Bio-Responsive Carriers for Controlled Delivery of Doxorubicin to Cancer Cells
Gheorghe Fundueanu,
Marieta Constantin,
Mihaela Turtoi,
Sanda-Maria Bucatariu,
Bogdan Cosman,
Maria Anghelache,
Geanina Voicu,
Manuela Calin
Affiliations
Gheorghe Fundueanu
Department of Natural Polymers, Bioactive and Biocompatible Materials, “Petru Poni” Institute of Macromolecular Chemistry of the Romanian Academy, 700487 Iasi, Romania
Marieta Constantin
Department of Natural Polymers, Bioactive and Biocompatible Materials, “Petru Poni” Institute of Macromolecular Chemistry of the Romanian Academy, 700487 Iasi, Romania
Mihaela Turtoi
“Medical and Pharmaceutical Bionanotechnologies” Laboratory, Institute of Cellular Biology and Pathology “Nicolae Simionescu” of the Romanian Academy, 050568 Bucharest, Romania
Sanda-Maria Bucatariu
Department of Natural Polymers, Bioactive and Biocompatible Materials, “Petru Poni” Institute of Macromolecular Chemistry of the Romanian Academy, 700487 Iasi, Romania
Bogdan Cosman
Department of Natural Polymers, Bioactive and Biocompatible Materials, “Petru Poni” Institute of Macromolecular Chemistry of the Romanian Academy, 700487 Iasi, Romania
Maria Anghelache
“Medical and Pharmaceutical Bionanotechnologies” Laboratory, Institute of Cellular Biology and Pathology “Nicolae Simionescu” of the Romanian Academy, 050568 Bucharest, Romania
Geanina Voicu
“Medical and Pharmaceutical Bionanotechnologies” Laboratory, Institute of Cellular Biology and Pathology “Nicolae Simionescu” of the Romanian Academy, 050568 Bucharest, Romania
Manuela Calin
“Medical and Pharmaceutical Bionanotechnologies” Laboratory, Institute of Cellular Biology and Pathology “Nicolae Simionescu” of the Romanian Academy, 050568 Bucharest, Romania
The cellular internalization of drug carriers occurs via different endocytic pathways that ultimately involve the endosomes and the lysosomes, organelles where the pH value drops to 6.0 and 5.0, respectively.
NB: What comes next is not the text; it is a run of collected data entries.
theorem mainTheorem7:
  fixes K :: "'s set" and dim :: "'s \<Rightarrow> nat" and face :: "'s \<Rightarrow> nat \<Rightarrow> 's"
    and mn mx :: "'s \<Rightarrow> int" and R V :: "nat \<Rightarrow> nat \<Rightarrow> 'f::field"
    and \<sigma> \<tau> :: 's and a b :: nat
  assumes "delta_complex K dim face"
    and "\<forall>s\<in>K. mn s < mx s"
    and "\<forall>s t. proper_face K dim face s t \<longrightarrow> mn s < mn t \<and> mn t < mx t \<and> mx t < mx s"
    and "inj_on mn K" and "inj_on mx K"
  defines "F \<equiv> cone_filtration K mn mx"
  assumes "lazy_reduction (boundary_matrix dim face F) (length F) R V"
    and "\<sigma> \<in> K" and "\<tau> \<in> K"
    and "a < length F" and "F ! a = Cone \<tau>"
    and "b < length F" and "F ! b = Cone \<sigma>"
    and "R a \<noteq> (\<lambda>_. 0)" and "low (R a) = b"
  shows "(\<forall>k<length F. V a k \<noteq> 0 \<longrightarrow> F ! k = Omega \<or> (\<exists>\<rho>\<in>K. F ! k = Cone \<rho>))
       \<and> restrict_chain
           (bd K dim face (restrict_chain (col_chain F (V a)) (cone_set K - Base ` K)))
           (Base ` K)
         = restrict_chain (col_chain F (R a)) (Base ` K)"
proof -
  have "finite K" using assms(1) by (simp add: delta_complex_def)
  note F = cone_filtration_spec[OF this assms(4,5), folded F_def]
  have run: "lazy_run (boundary_matrix dim face F) (length F) (length F) R V"
    using assms(7) by (simp add: lazy_reduction_def)
  have no_base: "F ! k \<notin> Base ` K" if "V a k \<noteq> 0" for k
    using cone_pivot_V_avoids_Base[OF F(3) run assms(14)] that assms(13,15) by blast
  have V_cone: "F ! k = Omega \<or> (\<exists>\<rho>\<in>K. F ! k = Cone \<rho>)" if "k < length F" "V a k \<noteq> 0" for k
    using no_base[OF that(2)] nth_mem[OF that(1)] F(1) by (cases "F ! k") (auto simp: cone_set_def)
  have "restrict_chain (col_chain F (V a)) (cone_set K - Base ` K) = col_chain F (V a)"
    using F(1) no_base by (intro restrict_col_chain_eq[OF F(1,2)]) auto
  moreover have R_eq_DV: "R a r = (\<Sum>k<length F. V a k * boundary_matrix dim face F k r)" for r
    using lazy_run_R_eq_DV[OF run] by (simp add: boundary_matrix_def)
  have "restrict_chain (bd K dim face (col_chain F (V a))) (Base ` K)
      = restrict_chain (col_chain F (R a)) (Base ` K)"
    by (rule restrict_bd_col_chain[OF F(1,2)]) (auto simp: cone_set_def R_eq_DV)
  ultimately show ?thesis using V_cone by simp
qed

end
We aimed to design and characterize pH/temperature-responsive carriers for the effective delivery of the anti-tumoral drug doxorubicin. To this purpose, poly(N-isopropylacrylamide-co-vinylimidazole) was synthesized as an attractive pH/temperature-sensitive copolymer. Microspheres made of this copolymer, loaded with doxorubicin (MS-DXR), disintegrate in monodisperse nanospheres (NS-DXR) under conditions similar to that found in the bloodstream (pH = 7.4, temperature of 36 °C) releasing a small amount of payload. However, in environments that simulate the endosomal and lysosomal conditions, nanospheres solubilize, releasing the entire amount of drug. We followed the NS-DXR internalization using two cancer cell lines, hepatic carcinoma HepG2 cells and lung adenocarcinoma A549 cells. The data showed that NS-DXR are internalized to a greater extent by HepG2 cells than A549 cells, and this correlated with increased cytotoxicity induced by NS-DXR in HepG2 cells compared with A549 cells. Moreover, NS-DXR particles do not cause hemolysis and erythrocytes aggregation. Administered in vivo, NS-DXR localized in the liver and kidneys of mice, and the loading of DXR into NS resulted in the reduced renal clearance of DXR. In conclusion, the newly developed poly(N-isopropylacrylamide-co-vinyl imidazole) particles are biocompatible and may be introduced as carriers for doxorubicin to hepatic tumors.